TASK GOAL:
Each line that contains the word "else" is to be copied from the records below.
# # # # # # #
lemma norm_round_drift_le:
  assumes "1 \<le> s"
  shows "norm (round_drift s) \<le> (eta s)\<^sup>2 * (real (H s))\<^sup>2 * (zeta1 * zeta2)"
proof -
  have "norm (round_drift s)
      \<le> (eta s)\<^sup>2 * (real (H s))\<^sup>2 * ((1 / real N) * (\<Sum>c<N. opnorm (mean_A c - mean_A_avg) * norm (mean_A c *v offset c)))"
    unfolding round_drift_def mean_A_avg_def
    using heterogeneity_drift_le[OF N_pos mean_A_offset_sum nonexpansive_mean_step] assms eta_pos[OF assms]
    by simp
  also have "\<dots> \<le> (eta s)\<^sup>2 * (real (H s))\<^sup>2 * (zeta1 * zeta2)"
  proof (rule mult_left_mono)
    have "norm (mean_A c *v offset c) = norm (mean_A c *v (theta_loc c - theta_star))" for c
      by (metis matrix_vector_mult_diff_distrib norm_minus_commute offset_def)
    then show "(1 / real N) * (\<Sum>c<N. opnorm (mean_A c - mean_A_avg) * norm (mean_A c *v offset c)) \<le> zeta1 * zeta2"
      using average_product_le[of "\<lambda>c. opnorm (mean_A c - mean_A_avg)" "\<lambda>c. norm (mean_A c *v offset c)"]
      by (simp add: zeta1_def zeta2_def mult.commute)
  qed simp
  finally show ?thesis .
qed

lemma prod_rho_le_exp: "(\<Prod>j=s+1..t. rho j) \<le> exp (- a * (\<Sum>j=s+1..t. eta j * real (H j)))"
  unfolding rho_def using one_minus_eta_a_bounds by (intro prod_one_minus_power_le_exp) force

lemma prod_rho_sq_le_exp: "(\<Prod>j=s+1..t. (rho j)\<^sup>2) \<le> exp (- 2 * a * (\<Sum>j=s+1..t. eta j * real (H j)))"
proof -
  have "(\<Prod>j=s+1..t. (rho j)\<^sup>2) = (\<Prod>j=s+1..t. rho j)\<^sup>2"
    by (simp add: prod_power_distrib)
  also have "\<dots> \<le> (exp (- a * (\<Sum>j=s+1..t. eta j * real (H j))))\<^sup>2"
    using rho_nonneg by (intro power_mono prod_rho_le_exp prod_nonneg) auto
  also have "\<dots> = exp (- 2 * a * (\<Sum>j=s+1..t. eta j * real (H j)))"
    by (simp add: exp_double[symmetric])
  finally show ?thesis .
qed
lemma clock_Suc:
  "clock_col M (Suc \<tau>) = (if clock_pos M \<tau> \<le> M then clock_col M \<tau> else Suc (clock_col M \<tau>))"
  "clock_pos M (Suc \<tau>) = (if clock_pos M \<tau> \<le> M then Suc (clock_pos M \<tau>) else 1)"
proof -
  have "(\<tau> + M) mod Suc M \<le> M" using mod_less_divisor[of "Suc M" "\<tau> + M"] by linarith
  then show "clock_col M (Suc \<tau>) = (if clock_pos M \<tau> \<le> M then clock_col M \<tau> else Suc (clock_col M \<tau>))"
    "clock_pos M (Suc \<tau>) = (if clock_pos M \<tau> \<le> M then Suc (clock_pos M \<tau>) else 1)"
    unfolding clock_col_def clock_pos_def by (auto simp: div_Suc mod_Suc le_less)
qed

lemma bm_run_clock:
  "bm_col (bm_run M a \<tau>) = clock_col M \<tau> \<and> bm_pos (bm_run M a \<tau>) = clock_pos M \<tau>"
proof (induction \<tau>)
  case 0
  then show ?case by (simp add: bm_init_def clock_col_def clock_pos_def)
next
  case (Suc \<tau>)
  then show ?case by (simp add: bm_step_col_pos clock_Suc)
qed

lemma clock_block: "clock_col M (Suc M * n) = n" "clock_pos M (Suc M * n) = Suc M"
proof -
  have e: "Suc M * n + M = M + n * Suc M" by simp
  show "clock_col M (Suc M * n) = n"
    unfolding clock_col_def e by (simp only: div_mult_self1[OF nat.distinct(2)]) simp
  show "clock_pos M (Suc M * n) = Suc M"
    unfolding clock_pos_def e by (simp only: mod_mult_self1) simp
qed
# # # # # # #
THE COMPLETED TASK:
  "clock_col M (Suc \<tau>) = (if clock_pos M \<tau> \<le> M then clock_col M \<tau> else Suc (clock_col M \<tau>))"
  "clock_pos M (Suc \<tau>) = (if clock_pos M \<tau> \<le> M then Suc (clock_pos M \<tau>) else 1)"
  then show "clock_col M (Suc \<tau>) = (if clock_pos M \<tau> \<le> M then clock_col M \<tau> else Suc (clock_col M \<tau>))"
    "clock_pos M (Suc \<tau>) = (if clock_pos M \<tau> \<le> M then Suc (clock_pos M \<tau>) else 1)"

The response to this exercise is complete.